Supplementary Tables 9, 10 provided the age-standardized proportion of deaths and DALYs attributable to the individual and combined effects of metabolic risks. Apart from diabetes mellitus, chronic kidney disease and hypertensive heart disease directly caused by one metabolic risk, the age-standardized proportion of death and DALY attributed to metabolic risks combined was highest for ischemic heart disease (the PAFs were 82.6 and 84.7%, respectively), followed by stroke (the PAFs were 66.1 and 69.5%, respectively). Concerning diabetes mellitus, high BMI attributed high proportion to the age-standardized death and DALY (the PAFs were 55.0 and 64.6%, respectively). Among neoplasms, the age-standardized proportion of death and DALY of uterine cancer was highly affected by high BMI (the PAFs were 56.1 and 54.5%, respectively), followed by esophagus cancer (the PAFs were 34.6 and 36.1%, respectively). While high FPG had large influence on the age-standardized death and DALY of bladder cancer.

Discussion

Our finding revealed that the number of death and DALY attributable to metabolic risks combined increased remarkably from 1990, however, after standardization of age structure, substantial decreases both in death and DALY were observed, which could be partly explained by the aging of population in the US.

We found out that there was a decline in burden attributable to high SBP and high LDL cholesterol, partly because hypertension control rate increased from 31.6% in 1999 to 48.3% in 2016, despite almost unchanged prevalence of hypertension (20), and a decrease by 0.21 mmol/L per decade in total cholesterol in the US was observed since 1980 (21).

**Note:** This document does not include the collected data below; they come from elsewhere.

(* For every $q\in(0,\infty)$ and $r\in(0,\infty]$ there exists a constant $C=C(q,r)$ such that the following holds. Let $X$ be a finite set, $\nu$ an outer measure on $X$, $\omega$ a measure on $X$, and $\mathcal A$ a collection of pairwise disjoint subsets of $X$; set $B=\bigcup_{A\in\mathcal A}A$. Then for every function $f$ on $X$: if $q\ge r$, $\sum_{A\in\mathcal A}\|f1_A\|^q_{L^q_\nu(\ell^r_\omega)}\le C\|f1_B\|^q_{L^q_\nu(\ell^r_\omega)}$; if $q\le r$, $\|f1_B\|^q_{L^q_\nu(\ell^r_\omega)}\le C\sum_{A\in\mathcal A}\|f1_A\|^q_{L^q_\nu(\ell^r_\omega)}$.
   Context: An outer measure on $X$ is a monotone, subadditive function $\mathcal P(X)\to[0,\infty]$ vanishing on $\varnothing$; standing assumption: outer measures are finite and strictly positive on nonempty subsets; the measure $\omega$ is given by a finite strictly positive weight, $\omega(A)=\sum_{x\in A}\omega(x)$. Convention $\infty^{-1}=0$. For $r\in(0,\infty]$ and nonempty $A\subseteq X$: $\ell^r_\omega(f)(A)=\nu(A)^{-1/r}\|f1_A\|_{L^r(X,\omega)}$; $\|f\|_{L^\infty_\nu(\ell^r_\omega)}=\sup_{\varnothing\ne A\subseteq X}\ell^r_\omega(f)(A)$; for $\lambda>0$, $\nu(\ell^r_\omega(f)>\lambda)=\inf\{\nu(B'):B'\subseteq X,\ \|f1_{X\setminus B'}\|_{L^\infty_\nu(\ell^r_\omega)}\le\lambda\}$; for $q\in(0,\infty)$, $\|f\|_{L^q_\nu(\ell^r_\omega)}=\big(\int_0^\infty q\lambda^{q-1}\nu(\ell^r_\omega(f)>\lambda)\,d\lambda\big)^{1/q}$. *)

theory Defs
  imports "HOL-Analysis.Analysis"
begin
(* Let $x_1,\dots,x_N\in\mathbb R^d$, let $V\in\mathbb R^{d\times d}$ be symmetric positive definite, let $\theta,\hat\theta\in\mathbb R^d$ and $\beta\ge0$ satisfy $\|\hat\theta-\theta\|_V\le\beta$, and let $Q_1,\dots,Q_N\ge0$. Define $h_m=x_m^\top\hat\theta+\beta\|x_m\|_{V^{-1}}$ and $\tilde\mu(n\mid S)=\frac{\exp(h_n)}{1+\sum_{m\in S}\exp(h_m)}$ for $n\in S\subseteq[N]$. Then for every nonempty $S\subseteq[N]$, $$\sum_{n\in S}\big(\tilde\mu(n\mid S)-\mu(n\mid S,\theta)\big)Q_n\le2\beta\max_{n\in S}\big(\|x_n\|_{V^{-1}}\,Q_n\big).$$
   Context: For $S\subseteq[N]$, $\theta\in\mathbb R^d$ and $n\in S$, $\mu(n\mid S,\theta)=\frac{\exp(x_n^\top\theta)}{1+\sum_{m\in S}\exp(x_m^\top\theta)}$. For a positive definite matrix $A$, $\|v\|_A=\sqrt{v^\top Av}$. *)

theory Defs
  imports "HOL-Analysis.Analysis"
begin

definition wnorm :: "real^'d \<Rightarrow> real^'d^'d \<Rightarrow> real" where
  "wnorm v A = sqrt (v \<bullet> (A *v v))"

definition pos_def :: "real^'d^'d \<Rightarrow> bool" where
  "pos_def A \<longleftrightarrow> transpose A = A \<and> (\<forall>v. v \<noteq> 0 \<longrightarrow> v \<bullet> (A *v v) > 0)"

definition mnl :: "(nat \<Rightarrow> real^'d) \<Rightarrow> nat \<Rightarrow> nat set \<Rightarrow> real^'d \<Rightarrow> real" where
  "mnl x n S \<theta> = exp (x n \<bullet> \<theta>) / (1 + (\<Sum>m\<in>S. exp (x m \<bullet> \<theta>)))"

definition opt_util :: "(nat \<Rightarrow> real^'d) \<Rightarrow> real^'d^'d \<Rightarrow> real^'d \<Rightarrow> real \<Rightarrow> nat \<Rightarrow> real" where
  "opt_util x V \<theta>h \<beta> m = x m \<bullet> \<theta>h + \<beta> * wnorm (x m) (matrix_inv V)"

definition mnl_opt :: "(nat \<Rightarrow> real^'d) \<Rightarrow> real^'d^'d \<Rightarrow> real^'d \<Rightarrow> real \<Rightarrow> nat \<Rightarrow> nat set \<Rightarrow> real" where
  "mnl_opt x V \<theta>h \<beta> n S =
     exp (opt_util x V \<theta>h \<beta> n) / (1 + (\<Sum>m\<in>S. exp (opt_util x V \<theta>h \<beta> m)))"

end

theory Submission
  imports Defs
begin

text \<open>By Cauchy--Schwarz for the dual pair of norms given by V and its inverse,
  the optimistic utility h_n exceeds the true utility u_n = x_n . theta by a margin between 0 and
  2 beta |x_n|_(V^-1). Raising all utilities only enlarges the MNL denominator, so each term of
  the sum is at most (exp h_n - exp u_n) Q_n / (1 + sum exp h), and exp h - exp u <= exp h (h - u)
  by convexity. What remains is a combination of the margins with the optimistic probabilities as
  weights, and these add up to less than one.\<close>

lemma pos_def_quadratic_nonneg:
  fixes V :: "real^'d^'d"
  assumes "pos_def V"
  shows "v \<bullet> (V *v v) \<ge> 0"
  using assms unfolding pos_def_def by (cases "v = 0") (auto intro: less_imp_le)

lemma pos_def_inner_commute:
  fixes V :: "real^'d^'d"
  assumes "pos_def V"
  shows "a \<bullet> (V *v b) = b \<bullet> (V *v a)"
proof -
  have "a \<bullet> (V *v b) = (transpose V *v a) \<bullet> b" by (simp add: dot_lmul_matrix)
  also have "\<dots> = b \<bullet> (V *v a)" using assms unfolding pos_def_def by (simp add: inner_commute)
  finally show ?thesis .
qed

lemma matrix_mul_matrix_inv:
  fixes A :: "'a::semiring_1^'n^'n"
  assumes "invertible A"
  shows "A ** matrix_inv A = mat 1"
proof -
  have "\<exists>A'. A ** A' = mat 1 \<and> A' ** A = mat 1" using assms unfolding invertible_def .
  then have "A ** matrix_inv A = mat 1 \<and> matrix_inv A ** A = mat 1"
    unfolding matrix_inv_def by (rule someI_ex)
  then show ?thesis ..
qed

lemma pos_def_mult_matrix_inv:
  fixes V :: "real^'d^'d"
  assumes "pos_def V"
  shows "V ** matrix_inv V = mat 1"
proof -
  have "inj ((*v) V)"
  proof (rule injI)
    fix a b assume "V *v a = V *v b"
    then have "(a - b) \<bullet> (V *v (a - b)) = 0" by (simp add: matrix_vector_mult_diff_distrib)
    then show "a = b" using assms unfolding pos_def_def by (metis less_irrefl eq_iff_diff_eq_0)
  qed
  then have "invertible V" using invertible_left_inverse matrix_left_invertible_injective by blast
  then show ?thesis by (rule matrix_mul_matrix_inv)
qed

lemma pos_def_cauchy_schwarz:
  fixes V :: "real^'d^'d"
  assumes "pos_def V"
  shows "(p \<bullet> (V *v z))\<^sup>2 \<le> (p \<bullet> (V *v p)) * (z \<bullet> (V *v z))"
proof (cases "z = 0")
  case True
  then show ?thesis by simp
next
  case False
  define a where "a = z \<bullet> (V *v z)"
  define b where "b = p \<bullet> (V *v z)"
  define c where "c = p \<bullet> (V *v p)"
  have "a > 0" using False assms unfolding a_def pos_def_def by blast
  define q where "q = p - (b / a) *\<^sub>R z"
  have "q \<bullet> (V *v q) = c - b\<^sup>2 / a"
    using pos_def_inner_commute[OF assms, of z p] \<open>a > 0\<close>
    by (simp add: q_def a_def b_def c_def matrix_vector_mult_diff_distrib matrix_vector_mult_scaleR
        inner_diff_left inner_diff_right power2_eq_square field_simps)
  then have "0 \<le> c - b\<^sup>2 / a" using pos_def_quadratic_nonneg[OF assms, of q] by simp
  with \<open>a > 0\<close> show ?thesis by (simp add: a_def b_def c_def field_simps)
qed

lemma pos_def_matrix_inv_quadratic_nonneg:
  fixes V :: "real^'d^'d"
  assumes "pos_def V"
  shows "y \<bullet> (matrix_inv V *v y) \<ge> 0"
proof -
  define p where "p = matrix_inv V *v y"
  have "V *v p = y" unfolding p_def by (simp add: matrix_vector_mul_assoc pos_def_mult_matrix_inv[OF assms])
  then show ?thesis using pos_def_quadratic_nonneg[OF assms, of p] by (simp add: p_def inner_commute)
qed

lemma abs_inner_le_wnorm_dual:
  fixes V :: "real^'d^'d"
  assumes "pos_def V"
  shows "\<bar>y \<bullet> z\<bar> \<le> wnorm y (matrix_inv V) * wnorm z V"
proof -
  define p where "p = matrix_inv V *v y"
  have Vp: "V *v p = y" unfolding p_def by (simp add: matrix_vector_mul_assoc pos_def_mult_matrix_inv[OF assms])
  have "p \<bullet> (V *v z) = y \<bullet> z" using pos_def_inner_commute[OF assms, of p z] Vp by (simp add: inner_commute)
  moreover have "p \<bullet> (V *v p) = y \<bullet> (matrix_inv V *v y)" using Vp p_def by (simp add: inner_commute)
  ultimately have "(y \<bullet> z)\<^sup>2 \<le> (y \<bullet> (matrix_inv V *v y)) * (z \<bullet> (V *v z))"
    using pos_def_cauchy_schwarz[OF assms, of p z] by simp
  then have "sqrt ((y \<bullet> z)\<^sup>2) \<le> sqrt ((y \<bullet> (matrix_inv V *v y)) * (z \<bullet> (V *v z)))"
    by (rule real_sqrt_le_mono)
  then show ?thesis unfolding wnorm_def by (simp add: real_sqrt_mult)
qed

lemma abs_inner_le_of_wnorm_le:
  fixes V :: "real^'d^'d"
  assumes "pos_def V" and "wnorm z V \<le> \<beta>"
  shows "\<bar>y \<bullet> z\<bar> \<le> \<beta> * wnorm y (matrix_inv V)"
proof -
  have "0 \<le> wnorm y (matrix_inv V)"
    using pos_def_matrix_inv_quadratic_nonneg[OF assms(1)] by (simp add: wnorm_def)
  then have "wnorm y (matrix_inv V) * wnorm z V \<le> wnorm y (matrix_inv V) * \<beta>"
    using assms(2) by (simp add: mult_left_mono)
  then show ?thesis using abs_inner_le_wnorm_dual[OF assms(1), of y z] by (simp add: mult.commute)
qed

lemma exp_diff_le_exp_mult: "exp a - exp b \<le> exp a * (a - b :: real)"
proof -
  have "1 + (b - a) \<le> exp (b - a)" using exp_ge_add_one_self by simp
  then show ?thesis by (simp add: exp_diff field_simps)
qed

definition mnl_prob :: "(nat \<Rightarrow> real) \<Rightarrow> nat \<Rightarrow> nat set \<Rightarrow> real" where
  "mnl_prob u n S = exp (u n) / (1 + (\<Sum>m\<in>S. exp (u m)))"

lemma mnl_prob_sum_le_one:
  assumes "finite S"
  shows "(\<Sum>n\<in>S. mnl_prob u n S) \<le> 1"
proof -
  have "(\<Sum>n\<in>S. mnl_prob u n S) = (\<Sum>m\<in>S. exp (u m)) / (1 + (\<Sum>m\<in>S. exp (u m)))"
    by (simp add: mnl_prob_def sum_divide_distrib)
  also have "\<dots> \<le> 1" by (simp add: sum_nonneg divide_le_eq_1 add_pos_nonneg)
  finally show ?thesis .
qed

lemma mnl_prob_diff_le:
  assumes "\<forall>m\<in>S. u m \<le> h m" and "n \<in> S" and "finite S"
  shows "mnl_prob h n S - mnl_prob u n S \<le> mnl_prob h n S * (h n - u n)"
proof -
  define A where "A = (\<Sum>m\<in>S. exp (u m))"
  define B where "B = (\<Sum>m\<in>S. exp (h m))"
  have "0 \<le> A" "A \<le> B" unfolding A_def B_def using assms(1) by (auto intro: sum_nonneg sum_mono)
  then have "exp (u n) / (1 + B) \<le> exp (u n) / (1 + A)" by (intro divide_left_mono) auto
  then have "mnl_prob h n S - mnl_prob u n S \<le> (exp (h n) - exp (u n)) / (1 + B)"
    by (simp add: mnl_prob_def A_def B_def diff_divide_distrib)
  also have "\<dots> \<le> exp (h n) * (h n - u n) / (1 + B)"
    using \<open>0 \<le> A\<close> \<open>A \<le> B\<close> exp_diff_le_exp_mult by (intro divide_right_mono) auto
  finally show ?thesis by (simp add: mnl_prob_def B_def)
qed

lemma mnl_prob_weighted_gap_le_Max:
  assumes "finite S" and "S \<noteq> {}"
    and "\<forall>n\<in>S. Q n \<ge> 0" and "\<forall>n\<in>S. u n \<le> h n" and "\<forall>n\<in>S. h n - u n \<le> \<delta> n"
  shows "(\<Sum>n\<in>S. (mnl_prob h n S - mnl_prob u n S) * Q n) \<le> Max ((\<lambda>n. \<delta> n * Q n) ` S)"
proof -
  define M where "M = Max ((\<lambda>n. \<delta> n * Q n) ` S)"
  have gap_le_M: "(h n - u n) * Q n \<le> M" if "n \<in> S" for n
  proof -
    have "(h n - u n) * Q n \<le> \<delta> n * Q n" using assms(3,5) that by (simp add: mult_right_mono)
    also have "\<dots> \<le> M" unfolding M_def using assms(1) that by simp
    finally show ?thesis .
  qed
  obtain n0 where "n0 \<in> S" using assms(2) by blast
  then have "0 \<le> M" using gap_le_M[of n0] assms(3,4) by (meson diff_ge_0_iff_ge order_trans zero_le_mult_iff)
  have "(\<Sum>n\<in>S. (mnl_prob h n S - mnl_prob u n S) * Q n)
      \<le> (\<Sum>n\<in>S. mnl_prob h n S * ((h n - u n) * Q n))"
    using mnl_prob_diff_le[OF assms(4) _ assms(1)] assms(3)
    by (intro sum_mono) (simp add: mult.assoc[symmetric] mult_right_mono)
  also have "\<dots> \<le> (\<Sum>n\<in>S. mnl_prob h n S * M)"
    using gap_le_M by (intro sum_mono mult_left_mono) (auto simp: mnl_prob_def intro!: divide_nonneg_pos add_pos_nonneg sum_nonneg)
  also have "\<dots> \<le> M"
    using mult_right_mono[OF mnl_prob_sum_le_one[OF assms(1)] \<open>0 \<le> M\<close>]
    by (simp add: sum_distrib_right)
  finally show ?thesis unfolding M_def .
qed

theorem mainTheorem7:
  fixes N :: nat and x :: "nat \<Rightarrow> real^'d" and V :: "real^'d^'d"
    and \<theta> \<theta>h :: "real^'d" and \<beta> :: real and Q :: "nat \<Rightarrow> real"
    and S :: "nat set"
  assumes "pos_def V"
    and "\<beta> \<ge> 0"
    and "wnorm (\<theta>h - \<theta>) V \<le> \<beta>"
    and "\<forall>n\<in>{1..N}. Q n \<ge> 0"
    and "S \<subseteq> {1..N}" and "S \<noteq> {}"
  shows "(\<Sum>n\<in>S. (mnl_opt x V \<theta>h \<beta> n S - mnl x n S \<theta>) * Q n)
           \<le> 2 * \<beta> * Max ((\<lambda>n. wnorm (x n) (matrix_inv V) * Q n) ` S)"
proof -
  define w where "w n = wnorm (x n) (matrix_inv V)" for n
  define u where "u n = x n \<bullet> \<theta>" for n
  have dev: "\<bar>x n \<bullet> (\<theta>h - \<theta>)\<bar> \<le> \<beta> * w n" for n
    unfolding w_def by (rule abs_inner_le_of_wnorm_le[OF assms(1,3)])
  have "u n \<le> opt_util x V \<theta>h \<beta> n \<and> opt_util x V \<theta>h \<beta> n - u n \<le> 2 * \<beta> * w n" for n
    using dev[of n] unfolding opt_util_def u_def w_def by (simp add: inner_diff_right abs_le_iff)
  moreover have "finite S" using assms(5) finite_subset by blast
  ultimately have "(\<Sum>n\<in>S. (mnl_opt x V \<theta>h \<beta> n S - mnl x n S \<theta>) * Q n)
      \<le> Max ((\<lambda>n. 2 * \<beta> * w n * Q n) ` S)"
    using mnl_prob_weighted_gap_le_Max[of S Q u "opt_util x V \<theta>h \<beta>" "\<lambda>n. 2 * \<beta> * w n"] assms(4-6)
    by (auto simp: mnl_prob_def mnl_opt_def mnl_def u_def)
  also have "\<dots> = 2 * \<beta> * Max ((\<lambda>n. w n * Q n) ` S)"
    using mono_Max_commute[of "(*) (2 * \<beta>)" "(\<lambda>n. w n * Q n) ` S"] \<open>finite S\<close> assms(2,6)
    by (simp add: mono_def mult_left_mono image_image mult.assoc)
  finally show ?thesis unfolding w_def .
qed

end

While the situation of high BMI and high FPG had not been ameliorated, despite improvement in healthcare. The age-adjusted prevalence of obesity and diabetes in adults increased persistently from 30.5 and 6.4% in 1999, to 42.4 and 9.4% in 2017, respectively (6, 22), and the obesity rate in the US remained 7.7% for a decade (23). Another prominent issue was low BMD. Due to the aging of population, it was projected that the number of adults 50 years and older with low BMD in 2030 would reach to 57.4 million, increased by 32% since 2010 (8).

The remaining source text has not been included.